Tech Study Guide
vLLM Operations
Operational guide for vLLM serving with scheduler concepts, PagedAttention, KV cache, prefix caching, speculative decoding, parallelism, metrics, flags, and runbooks.
vLLM Operations
vLLM is a production-oriented LLM serving engine. Operating it well means controlling request shapes, KV-cache pressure, scheduler behavior, model compatibility, runtime flags, metrics, and rollout risk.
Command Examples
vllm serve <model> --help | sed -n '1,160p'
curl -s http://localhost:8000/v1/models
curl -s http://localhost:8000/metrics | grep '^vllm:'
Example output and meaning:
| Command | Example output | What it does |
|---|---|---|
vllm serve <model> --help \| sed -n '1,160p' |
GPU utilization, memory use, CUDA visibility, model list, or serving metrics. |
Separates accelerator visibility from model-serving capacity and latency. |
curl -s http://localhost:8000/v1/models |
HTTP status, headers, timing, JSON payload, or TLS/proxy error. |
Separates reachability, TLS, proxy, and application behavior. |
curl -s http://localhost:8000/metrics \| grep '^vllm:' |
HTTP status, headers, timing, JSON payload, or TLS/proxy error. |
Separates reachability, TLS, proxy, and application behavior. |
These checks prove the server responds. They do not prove capacity or compatibility.
Operational Concepts
| Concept | What To Watch |
|---|---|
| Scheduler | Waiting/running requests, queue time, priority, fairness. |
| PagedAttention | KV block allocation, fragmentation, cache pressure. |
| Continuous batching | Batch occupancy under mixed prompt/output lengths. |
| Prefix caching | Hit rate, tokenized prefix stability, tenant boundaries. |
| Speculative decoding | Accepted tokens, draft overhead, quality compatibility. |
| Parallelism | Tensor/pipeline split, NCCL, interconnect, latency. |
| Adapters | LoRA compatibility, active adapters, adapter-specific latency. |
Important Flags
| Flag | Use |
|---|---|
--max-model-len |
Bound context length and KV-cache demand. |
--gpu-memory-utilization |
Reserve GPU memory fraction for execution. |
--tensor-parallel-size |
Split tensors across GPUs. |
--pipeline-parallel-size |
Split layers across stages. |
--enable-prefix-caching |
Reuse stable prompt prefixes. |
--generation-config |
Control model repo vs vLLM generation defaults. |
--speculative-config |
Enable supported speculative decoding mode. |
--kv-cache-dtype |
Use supported KV-cache dtype/quantization. |
Metrics Checklist
| Metric Family | Incident Meaning |
|---|---|
| Queue time | Admission or scheduler pressure. |
| TTFT | Queue plus prefill user wait. |
| ITL | Decode smoothness. |
| KV-cache usage | Memory pressure. |
| Preemptions | Cache or scheduler stress. |
| Running/waiting requests | Load and fairness. |
| Prefix cache hits | Prefix caching value. |
| Token throughput | Prefill and decode capacity. |
vLLM Runbook
- Identify model ID, runtime version, flags, adapter, and request shape.

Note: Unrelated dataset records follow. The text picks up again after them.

lemma card_thick_columns_le:
  assumes "r > 0" "b > 0" "r \<le> k"
    and no_balanced: "\<And>m N. m > 0 \<Longrightarrow> contains (k * b) (k * b) M (r * b) m N \<Longrightarrow>
      r_balanced r (r * b) m N \<Longrightarrow> real (weight (r * b) m N) < real r * real s * sqrt (real m) * real (r * b)"
  shows "real (card (thick_columns k b r M t)) * (real t)^2 \<le> real (k choose r) * (real s * real r * real b)^2"
proof -
  have "finite (thick_columns k b r M t)"
    and "\<And>j. j \<in> thick_columns k b r M t \<Longrightarrow> r \<le> card {i. i < k \<and> t \<le> block_count b M i j}"
    by (simp_all add: thick_columns_def)
  from pigeonhole_common_subset[OF this(1) \<open>r \<le> k\<close> this(2)]
  obtain R S where R: "R \<subseteq> {..<k}" "card R = r" and S: "S \<subseteq> thick_columns k b r M t"
    and pigeon: "card (thick_columns k b r M t) \<le> card S * (k choose r)"
    and thick: "\<forall>i\<in>R. \<forall>j\<in>S. t \<le> block_count b M i j" .
  have S_bound: "real (card S) * (real t)^2 \<le> (real s * real r * real b)^2"
  proof (cases "card S = 0")
    case False
    have "S \<subseteq> {..<k * b}" using S by (auto simp: thick_columns_def)
    obtain N where "contains (k * b) (k * b) M (r * b) (card S) N" "r_balanced r (r * b) (card S) N"
      and weight: "weight (r * b) (card S) N = card S * (r * t)"
      using contains_balanced_submatrix[OF \<open>b > 0\<close> \<open>r > 0\<close> R \<open>S \<subseteq> {..<k * b}\<close> thick] .
    then have "real (card S * (r * t)) < real r * real s * sqrt (real (card S)) * real (r * b)"
      using no_balanced[of "card S" N] False by simp
    then have "real r * sqrt (real (card S)) * (real t * sqrt (real (card S)))
        < real r * sqrt (real (card S)) * (real s * real r * real b)"
      by (simp add: algebra_simps)
    moreover have "0 < real r * sqrt (real (card S))" using \<open>r > 0\<close> False by simp
    ultimately have "real t * sqrt (real (card S)) < real s * real r * real b"
      by (simp only: mult_less_cancel_left_pos)
    then have "(real t * sqrt (real (card S)))^2 < (real s * real r * real b)^2"
      by (intro power_strict_mono) auto
    then show ?thesis by (simp add: power_mult_distrib mult.commute)
  qed simp
  have "real (card (thick_columns k b r M t)) * (real t)^2 \<le> real (card S) * real (k choose r) * (real t)^2"
    using pigeon by (intro mult_right_mono) (simp_all flip: of_nat_mult)
  also have "\<dots> = real (k choose r) * (real (card S) * (real t)^2)" by simp
  also have "\<dots> \<le> real (k choose r) * (real s * real r * real b)^2"
    using S_bound by (intro mult_left_mono) simp_all
  finally show ?thesis .
qed

lemma weight_le_of_no_dense_no_balanced:
  fixes B :: real
  assumes "r > 0" "s > 0" "b > 0" "r \<le> k" "B \<le> real b * real T"
    and no_dense: "\<And>N. contains (k * b) (k * b) M b b N \<Longrightarrow> real (weight b b N) < B"
    and no_balanced: "\<And>m N. m > 0 \<Longrightarrow> contains (k * b) (k * b) M (r * b) m N \<Longrightarrow>
      r_balanced r (r * b) m N \<Longrightarrow> real (weight (r * b) m N) < real r * real s * sqrt (real m) * real (r * b)"
  defines "K \<equiv> real (k choose r) * (real s * real r * real b)^2"
  shows "real (weight (k * b) (k * b) M)
    \<le> real k * (2 * sqrt (real (k * b) * K) + real (k * b)) + real (k * b) * (real r - 1) * real T + real k * B"
proof -
  let ?G = "\<lambda>t. real (card (thick_columns k b r M t))"
  let ?H = "\<lambda>i. \<Sum>j | j < k * b \<and> T < block_count b M i j. block_count b M i j"
  have "K > 0" using assms(1-4) by (simp add: K_def)
  have "?G t \<le> real (k * b)" for t
  proof -
    have "card (thick_columns k b r M t) \<le> card {..<k * b}"
      by (rule card_mono) (auto simp: thick_columns_def)
    then show ?thesis by (simp only: of_nat_le_iff card_lessThan)
  qed
  moreover have "?G t \<le> K / (real t)^2" if "t \<in> {1..b}" for t
    using card_thick_columns_le[OF assms(1,3,4) no_balanced] that by (simp add: K_def pos_le_divide_eq)
  ultimately have G: "(\<Sum>t\<in>{1..b}. ?G t) \<le> 2 * sqrt (real (k * b) * K) + real (k * b)"
    using \<open>K > 0\<close> assms(1,3,4) by (intro sum_min_inverse_square_le) auto
  have H: "real (\<Sum>i<k. ?H i) \<le> real k * B"
  proof -
    have "(\<Sum>i<k. real (?H i)) \<le> (\<Sum>i<k. B)"
      using sum_heavy_block_counts_lt[OF _ assms(5) no_dense] by (intro sum_mono less_imp_le) auto
    then show ?thesis by simp
  qed
  have "real (weight (k * b) (k * b) M)
      \<le> real (k * (\<Sum>t\<in>{1..b}. card (thick_columns k b r M t)) + k * b * ((r - 1) * T) + (\<Sum>i<k. ?H i))"
    using weight_le_layer_bound[of k b M r T] by (simp only: of_nat_le_iff)
  also have "\<dots> = real k * (\<Sum>t\<in>{1..b}. ?G t) + real (k * b) * (real r - 1) * real T + real (\<Sum>i<k. ?H i)"
    using \<open>r > 0\<close> by (simp add: of_nat_diff)
  also have "\<dots> \<le> real k * (2 * sqrt (real (k * b) * K) + real (k * b)) + real (k * b) * (real r - 1) * real T
      + real k * B"
    using G H by (intro add_mono order.refl mult_left_mono) auto
  finally show ?thesis .
qed

lemma weight_lt_of_no_dense_no_balanced:
  fixes c :: real
  assumes "r > 0" "s > 0" "k = 2^8 * r^2" "b > 0" and c: "c \<ge> 8 * real r * real s * real (k choose r)"
    and no_dense: "\<And>N. contains (k * b) (k * b) M b b N \<Longrightarrow> real (weight b b N) < 2 * c * real b powr (3/2)"
    and no_balanced: "\<And>m N. m > 0 \<Longrightarrow> contains (k * b) (k * b) M (r * b) m N \<Longrightarrow>
      r_balanced r (r * b) m N \<Longrightarrow> real (weight (r * b) m N) < real r * real s * sqrt (real m) * real (r * b)"
  shows "real (weight (k * b) (k * b) M) < c * real (k * b) powr (3/2)"
proof -
  define x where "x = sqrt (real b)"
  define q where "q = sqrt (real (k choose r))"
  define T where "T = nat \<lceil>2 * c * x\<rceil>"
  have k: "real k = 256 * (real r)^2" using assms(3) by simp
  have "r \<le> k" using assms(1,3) by (simp add: power2_eq_square)
  have "(16::real)^2 \<le> real (k choose r)"
    using binomial_square_ge[OF assms(1)] assms(1,3) by simp
  then have "q \<ge> 16" unfolding q_def by (rule real_le_rsqrt)
  have x: "x \<ge> 1" "real b powr (3/2) = real b * x" using assms(4) by (simp_all add: x_def powr_three_halves)
  have "0 \<le> 8 * real r * real s * real (k choose r)" by simp
  then have "0 \<le> c" using c by linarith
  then have "0 \<le> 2 * c * x" using x(1) by simp
  then have T: "2 * c * x \<le> real T" "real T \<le> 2 * c * x + 1"
    using of_int_ceiling_le_add_one[of "2 * c * x"] by (auto simp: T_def)
  have sqrt_kb: "sqrt (real (k * b)) = 16 * real r * x"
  proof -
    have "real (k * b) = (16 * real r)^2 * real b" by (simp add: k power2_eq_square)
    then have "sqrt (real (k * b)) = sqrt ((16 * real r)^2) * sqrt (real b)" by (simp only: real_sqrt_mult)
    also have "sqrt ((16 * real r)^2) = 16 * real r" by (rule real_sqrt_unique) auto
    finally show ?thesis unfolding x_def .
  qed
  have "real (weight (k * b) (k * b) M)
      \<le> real k * (2 * sqrt (real (k * b) * (real (k choose r) * (real s * real r * real b)^2)) + real (k * b))
        + real (k * b) * (real r - 1) * real T + real k * (2 * c * real b * x)"
  proof (rule weight_le_of_no_dense_no_balanced[OF assms(1,2,4) \<open>r \<le> k\<close> _ _ no_balanced])
    show "2 * c * real b * x \<le> real b * real T" using T(1) assms(4) by (simp add: mult.commute mult.left_commute)
    show "real (weight b b N) < 2 * c * real b * x" if "contains (k * b) (k * b) M b b N" for N
      using no_dense[OF that] x(2) by (simp add: mult.assoc)
  qed
  also have "\<dots> = real (k * b) * (32 * (real r)^2 * real s * q * x + 256 * (real r)^2
      + (real r - 1) * real T + 2 * c * x)"
    by (simp add: real_sqrt_mult sqrt_kb q_def x_def k algebra_simps power2_eq_square)
  also have "\<dots> < real (k * b) * (16 * c * real r * x)"
  proof (rule mult_strict_left_mono)
    show "32 * (real r)^2 * real s * q * x + 256 * (real r)^2 + (real r - 1) * real T + 2 * c * x
        < 16 * c * real r * x"
      using assms(1,2) c \<open>q \<ge> 16\<close> x(1) T(2) by (intro large_c_inequality) (simp_all add: q_def)
    show "0 < real (k * b)" using assms(1,3,4) by simp
  qed
  also have "\<dots> = c * real (k * b) powr (3/2)"
    unfolding powr_three_halves[OF of_nat_0_le_iff] sqrt_kb by (simp add: algebra_simps)
  finally show ?thesis .
qed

- Split symptom into wrong output, high TTFT, slow ITL, OOM, or errors.
- Compare prompt/output token histograms.
- Inspect queue time, running/waiting requests, KV usage, and preemptions.
- Check tokenizer, chat template, generation config, and adapter compatibility.
- Roll back model/runtime/config if release-linked.
- Add the request shape to load tests and evals.
Study Cards
What does vLLM PagedAttention operate on?
The KV cache blocks used by active autoregressive sequences.
Which vLLM metrics matter during OOM-like incidents?
KV-cache usage, preemptions, running/waiting requests, queue time, and token histograms.
Why version vLLM flags?
Flags such as max model length, memory utilization, generation config, prefix caching, and speculation change capacity and behavior.